Exercise details
In the listing below, which lines contain the string "field"? Copy them all.

Material to process
definition tl_diag :: "nat \<Rightarrow> nat \<Rightarrow> diag set" where
  "tl_diag m n = {d. (\<forall>x. x \<notin> pts m n \<longrightarrow> d x = x)
      \<and> (\<forall>x\<in>pts m n. d x \<in> pts m n \<and> d x \<noteq> x \<and> d (d x) = x)
      \<and> (\<forall>x\<in>pts m n. \<forall>y\<in>pts m n.
           \<not> (cpos m n x < cpos m n y \<and> cpos m n y < cpos m n (d x)
               \<and> cpos m n (d x) < cpos m n (d y)))}"

definition through :: "nat \<Rightarrow> diag \<Rightarrow> nat" where
  "through m d = card {i. i < m \<and> (\<exists>j. d (Bot i) = Top j)}"

text \<open>Vertical composition of diagrams d1 : m -> k (below) and d2 : k -> n (above).
  The result is None (the zero morphism) iff some component of the glued picture
  contains a zigzag, which happens iff a cup of d1 and a cap of d2 meet at a
  middle point without closing a loop.  Closed loops evaluate to 1.\<close>
definition compose :: "nat \<Rightarrow> nat \<Rightarrow> nat \<Rightarrow> diag \<Rightarrow> diag \<Rightarrow> diag option" where
  "compose m k n d2 d1 =
    (if \<exists>a<k. \<exists>b c. d1 (Top a) = Top b \<and> d2 (Bot a) = Bot c \<and> b \<noteq> c then None
     else Some (\<lambda>x. case x of
        Bot i \<Rightarrow> (if i < m then
                   (case d1 (Bot i) of
                      Bot i' \<Rightarrow> Bot i'
                    | Top a \<Rightarrow> (case d2 (Bot a) of
                         Top j \<Rightarrow> Top j
                       | Bot b \<Rightarrow> (case d1 (Top b) of Bot i' \<Rightarrow> Bot i' | Top c \<Rightarrow> Bot i)))
                 else Bot i)
      | Top j \<Rightarrow> (if j < n then
                   (case d2 (Top j) of
                      Top j' \<Rightarrow> Top j'
                    | Bot a \<Rightarrow> (case d1 (Top a) of
                         Bot i \<Rightarrow> Bot i
                       | Top b \<Rightarrow> (case d2 (Bot b) of Top j' \<Rightarrow> Top j' | Bot c \<Rightarrow> Top j)))
                 else Top j)))"

definition comp :: "nat \<Rightarrow> nat \<Rightarrow> nat \<Rightarrow> 'k::field mor \<Rightarrow> 'k mor \<Rightarrow> 'k mor" where
  "comp m k n g f = (\<lambda>e. \<Sum>d2\<in>tl_diag k n. \<Sum>d1\<in>tl_diag m k.
       (if compose m k n d2 d1 = Some e then g d2 * f d1 else 0))"

definition dg :: "diag \<Rightarrow> 'k::field mor" where
  "dg d = (\<lambda>e. if e = d then 1 else 0)"

definition id_diag :: "nat \<Rightarrow> diag" where
  "id_diag n = (\<lambda>x. case x of Bot i \<Rightarrow> (if i < n then Top i else Bot i)
                             | Top j \<Rightarrow> (if j < n then Bot j else Top j))"

text \<open>cap_{I,n} : n -> n - 2|I|, with I a set of 1-based strand indices:
  strand s (Bot (s-1)) is capped with s+1 if s \<in> I, with s-1 if s-1 \<in> I,
  otherwise it is a through-strand to top position (s-1) - 2 |{i\<in>I. i < s}|.\<close>
definition cap_diag :: "nat set \<Rightarrow> nat \<Rightarrow> diag" where
  "cap_diag I n = (\<lambda>x. case x of
      Bot t \<Rightarrow> (if t < n then
                  (if t + 1 \<in> I then Bot (t + 1)
                   else if t \<in> I then Bot (t - 1)
                   else Top (t - 2 * card {i\<in>I. i \<le> t}))
                else Bot t)
    | Top j \<Rightarrow> (if j < n - 2 * card I then
                  Bot (THE t. t < n \<and> t + 1 \<notin> I \<and> t \<notin> I \<and> t - 2 * card {i\<in>I. i \<le> t} = j)
                else Top j))"

fun flip_pt :: "pt \<Rightarrow> pt" where
  "flip_pt (Bot i) = Top i"
| "flip_pt (Top j) = Bot j"

definition cup_diag :: "nat set \<Rightarrow> nat \<Rightarrow> diag" where
  "cup_diag I n = (\<lambda>x. flip_pt (cap_diag I n (flip_pt x)))"

definition apt :: "nat \<Rightarrow> nat set set" where
  "apt n = {I. I \<subseteq> {1..n} \<and> n \<notin> I \<and> (\<forall>i\<in>I. i + 1 \<notin> I)}"

definition jn :: "nat \<Rightarrow> 'k::field mor" where
  "jn n = (\<lambda>e. \<Sum>I\<in>apt n. (-1) ^ card I *
             comp n (n - 2 * card I) n (dg (cup_diag I n)) (dg (cap_diag I n)) e)"

definition JW_props :: "nat \<Rightarrow> 'k::field mor \<Rightarrow> bool" where
  "JW_props n p \<longleftrightarrow>
     (\<exists>x::'k mor. (\<forall>e. e \<notin> {d\<in>tl_diag n n. through n d < n} \<longrightarrow> x e = 0)
        \<and> p = (\<lambda>e. dg (id_diag n) e + x e))
   \<and> comp n n n p p = p
   \<and> (\<forall>i\<in>{1..n-1}. comp n n (n - 2) (dg (cap_diag {i} n)) p = (\<lambda>_. 0)
                   \<and> comp (n - 2) n n p (dg (cup_diag {i} n)) = (\<lambda>_. 0))"

end

(* Write e_I = cup_I o cap_I, so that j_n is the signed sum of the diagrams e_I over the apt
   sets I, with leading term e_{} = id.  A product e_J o e_I is e_{I u J} when I u J is apt and
   zero otherwise, and e_I o cup_{i} is zero or unchanged when i is added to I; in both cases the
   signed sums cancel in pairs I, I u {i}, which gives idempotence and the cap/cup conditions.
   For uniqueness, the difference r of two solutions is supported on diagrams with fewer than n
   through-strands and is killed by every cup_{i}.  A diagram d in the support of r with the most
   through-strands has a bottom cap joining neighbouring points a, a + 1; every other diagram
   with the same composite with cup_{a+1} has two more through-strands, so the coefficient of
   d o cup_{a+1} in r o cup_{a+1} = 0 is the coefficient of d in r. *)

theory Submission
  imports Defs
begin

section \<open>Diagrams\<close>

lemma pts_simps [simp]: "Bot i \<in> pts m n \<longleftrightarrow> i < m" "Top j \<in> pts m n \<longleftrightarrow> j < n"
  unfolding pts_def by auto

lemma tl_diag_outside: "d \<in> tl_diag m n \<Longrightarrow> x \<notin> pts m n \<Longrightarrow> d x = x"
  unfolding tl_diag_def by auto

lemma tl_diag_closed: "d \<in> tl_diag m n \<Longrightarrow> x \<in> pts m n \<Longrightarrow> d x \<in> pts m n"
  unfolding tl_diag_def by auto

lemma tl_diag_no_fixpoint: "d \<in> tl_diag m n \<Longrightarrow> x \<in> pts m n \<Longrightarrow> d x \<noteq> x"
  unfolding tl_diag_def by auto

lemma tl_diag_involution: "d \<in> tl_diag m n \<Longrightarrow> d (d x) = x"
  unfolding tl_diag_def by (cases "x \<in> pts m n") auto

lemma tl_diag_noncrossing:
  "d \<in> tl_diag m n \<Longrightarrow> x \<in> pts m n \<Longrightarrow> y \<in> pts m n \<Longrightarrow>
    \<not> (cpos m n x < cpos m n y \<and> cpos m n y < cpos m n (d x) \<and> cpos m n (d x) < cpos m n (d y))"
  unfolding tl_diag_def by blast

lemma finite_tl_diag: "finite (tl_diag m n)"
proof -
  let ?restrict = "\<lambda>d x. if x \<in> pts m n then d x else Bot 0"
  let ?F = "{f. \<forall>x. (x \<in> pts m n \<longrightarrow> f x \<in> pts m n) \<and> (x \<notin> pts m n \<longrightarrow> f x = Bot 0)}"
  have "inj_on ?restrict (tl_diag m n)"
  proof (rule inj_onI, rule ext)
    fix d d' x assume "d \<in> tl_diag m n" "d' \<in> tl_diag m n" "?restrict d = ?restrict d'"
    then show "d x = d' x"
      using fun_cong[of "?restrict d" "?restrict d'" x] tl_diag_outside[of d m n x]
        tl_diag_outside[of d' m n x]
      by (cases "x \<in> pts m n") simp_all
  qed
  moreover have "?restrict ` tl_diag m n \<subseteq> ?F"
    using tl_diag_closed by auto
  moreover have "finite (pts m n)"
    by (simp add: pts_def)
  then have "finite ?F"
    by (intro finite_set_of_finite_funs)
  ultimately show ?thesis
    using finite_subset finite_imageD by blast
qed

text \<open>Chords joining points adjacent in the cyclic order cannot cross anything, and
  through-strands cannot cross each other as long as they keep the left-to-right order.\<close>

lemma tl_diagI:
  assumes outside: "\<And>x. x \<notin> pts m n \<Longrightarrow> d x = x"
    and chords: "\<And>x. x \<in> pts m n \<Longrightarrow> d x \<in> pts m n \<and> d x \<noteq> x \<and> d (d x) = x \<and>
        (cpos m n (d x) = Suc (cpos m n x) \<or> cpos m n x = Suc (cpos m n (d x))
         \<or> (\<exists>i j. x = Bot i \<and> d x = Top j) \<or> (\<exists>i j. x = Top j \<and> d x = Bot i))"
    and order: "\<And>i i' j j'. d (Bot i) = Top j \<Longrightarrow> d (Bot i') = Top j' \<Longrightarrow> i < m \<Longrightarrow> i' < m \<Longrightarrow>
        i < i' \<Longrightarrow> j < j'"
  shows "d \<in> tl_diag m n"
proof -
  let ?c = "cpos m n"
  have spanning: "\<exists>i j. u = Bot i \<and> d u = Top j"
    if u: "u \<in> pts m n" and between: "?c u < ?c w" "?c w < ?c (d u)" for u w
  proof -
    have "d u \<in> pts m n"
      using chords[OF u] by blast
    then have "u = Top j \<Longrightarrow> d u = Bot i \<Longrightarrow> False" for i j
      using u between by simp
    moreover have "?c (d u) \<noteq> Suc (?c u)" "?c u \<noteq> Suc (?c (d u))"
      using between by linarith+
    ultimately show ?thesis
      using chords[OF u] by blast
  qed
  have noncrossing: "\<not> (?c x < ?c y \<and> ?c y < ?c (d x) \<and> ?c (d x) < ?c (d y))"
    if x: "x \<in> pts m n" and y: "y \<in> pts m n" for x y
  proof
    assume cross: "?c x < ?c y \<and> ?c y < ?c (d x) \<and> ?c (d x) < ?c (d y)"
    obtain i j where xi: "x = Bot i" and dx: "d x = Top j"
      using spanning[OF x, of y] cross by blast
    obtain i' j' where yi: "y = Bot i'" and dy: "d y = Top j'"
      using spanning[OF y, of "d x"] cross by blast
    have "i < m" "i' < m" "i < i'"
      using x y cross unfolding xi yi by simp_all
    then have "j < j'"
      using order[of i j i' j'] dx dy unfolding xi yi by simp
    moreover have "j < n" "j' < n"
      using chords[OF x] chords[OF y] unfolding dx dy by simp_all
    ultimately show False
      using cross unfolding dx dy by (simp, linarith)
  qed
  show ?thesis
    unfolding tl_diag_def using outside chords noncrossing by simp
qed

definition zigzag :: "nat \<Rightarrow> diag \<Rightarrow> diag \<Rightarrow> bool" where
  "zigzag k d2 d1 \<longleftrightarrow> (\<exists>a<k. \<exists>b c. d1 (Top a) = Top b \<and> d2 (Bot a) = Bot c \<and> b \<noteq> c)"

definition glue :: "nat \<Rightarrow> nat \<Rightarrow> diag \<Rightarrow> diag \<Rightarrow> diag" where
  "glue m n d2 d1 = (\<lambda>x. case x of
        Bot i \<Rightarrow> (if i < m then
                   (case d1 (Bot i) of
                      Bot i' \<Rightarrow> Bot i'
                    | Top a \<Rightarrow> (case d2 (Bot a) of
                         Top j \<Rightarrow> Top j
                       | Bot b \<Rightarrow> (case d1 (Top b) of Bot i' \<Rightarrow> Bot i' | Top c \<Rightarrow> Bot i)))
                 else Bot i)
      | Top j \<Rightarrow> (if j < n then
                   (case d2 (Top j) of
                      Top j' \<Rightarrow> Top j'
                    | Bot a \<Rightarrow> (case d1 (Top a) of
                         Bot i \<Rightarrow> Bot i
                       | Top b \<Rightarrow> (case d2 (Bot b) of Top j' \<Rightarrow> Top j' | Bot c \<Rightarrow> Top j)))
                 else Top j))"

lemma compose_eq:
  "compose m k n d2 d1 = (if zigzag k d2 d1 then None else Some (glue m n d2 d1))"
  unfolding compose_def glue_def zigzag_def by simp

section \<open>Composition of morphisms\<close>

lemma comp_dg_right:
  assumes "b \<in> tl_diag m k"
  shows "comp m k n g (dg b) e = (\<Sum>d\<in>tl_diag k n. if compose m k n d b = Some e then g d else 0)"
proof -
  have "(\<Sum>d1\<in>tl_diag m k. if compose m k n d d1 = Some e then g d * dg b d1 else 0)
      = (\<Sum>d1\<in>tl_diag m k. if d1 = b then if compose m k n d b = Some e then g d else 0 else 0)" for d
    by (intro sum.cong) (auto simp: dg_def)
  then show ?thesis
    unfolding comp_def using assms by (simp add: finite_tl_diag)
qed

lemma comp_dg_dg:
  assumes "a \<in> tl_diag k n" "b \<in> tl_diag m k"
  shows "comp m k n (dg a) (dg b) = (case compose m k n a b of None \<Rightarrow> (\<lambda>_. 0) | Some e \<Rightarrow> dg e)"
proof
  fix e
  have "comp m k n (dg a) (dg b) e
      = (\<Sum>d\<in>tl_diag k n. if d = a then if compose m k n a b = Some e then 1 else 0 else 0)"
    unfolding comp_dg_right[OF assms(2)] by (intro sum.cong) (auto simp: dg_def)
  then show "comp m k n (dg a) (dg b) e = (case compose m k n a b of None \<Rightarrow> (\<lambda>_. 0) | Some e \<Rightarrow> dg e) e"
    using assms by (auto simp: finite_tl_diag dg_def split: option.split)
qed

lemma comp_altdef:
  "comp m k n g f e =
    (\<Sum>d2\<in>tl_diag k n. \<Sum>d1\<in>tl_diag m k. (if compose m k n d2 d1 = Some e then 1 else 0) * (g d2 * f d1))"
  unfolding comp_def by (intro sum.cong refl) simp

lemma comp_sum_left:
  assumes "finite A"
  shows "comp m k n (\<lambda>e. \<Sum>I\<in>A. w I * g I e) f e' = (\<Sum>I\<in>A. w I * comp m k n (g I) f e')"
proof -
  let ?c = "\<lambda>d2 d1. if compose m k n d2 d1 = Some e' then 1 else 0"
  have "comp m k n (\<lambda>e. \<Sum>I\<in>A. w I * g I e) f e'
      = (\<Sum>d2\<in>tl_diag k n. \<Sum>d1\<in>tl_diag m k. \<Sum>I\<in>A. w I * (?c d2 d1 * (g I d2 * f d1)))"
    unfolding comp_altdef by (simp add: sum_distrib_left sum_distrib_right mult_ac)
  also have "\<dots> = (\<Sum>I\<in>A. \<Sum>d2\<in>tl_diag k n. \<Sum>d1\<in>tl_diag m k. w I * (?c d2 d1 * (g I d2 * f d1)))"
    by (subst sum.swap) (simp add: sum.swap[of _ A])
  also have "\<dots> = (\<Sum>I\<in>A. w I * comp m k n (g I) f e')"
    unfolding comp_altdef by (simp add: sum_distrib_left)
  finally show ?thesis .
qed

Solution to the problem
definition comp :: "nat \<Rightarrow> nat \<Rightarrow> nat \<Rightarrow> 'k::field mor \<Rightarrow> 'k mor \<Rightarrow> 'k mor" where
definition dg :: "diag \<Rightarrow> 'k::field mor" where
definition jn :: "nat \<Rightarrow> 'k::field mor" where
definition JW_props :: "nat \<Rightarrow> 'k::field mor \<Rightarrow> bool" where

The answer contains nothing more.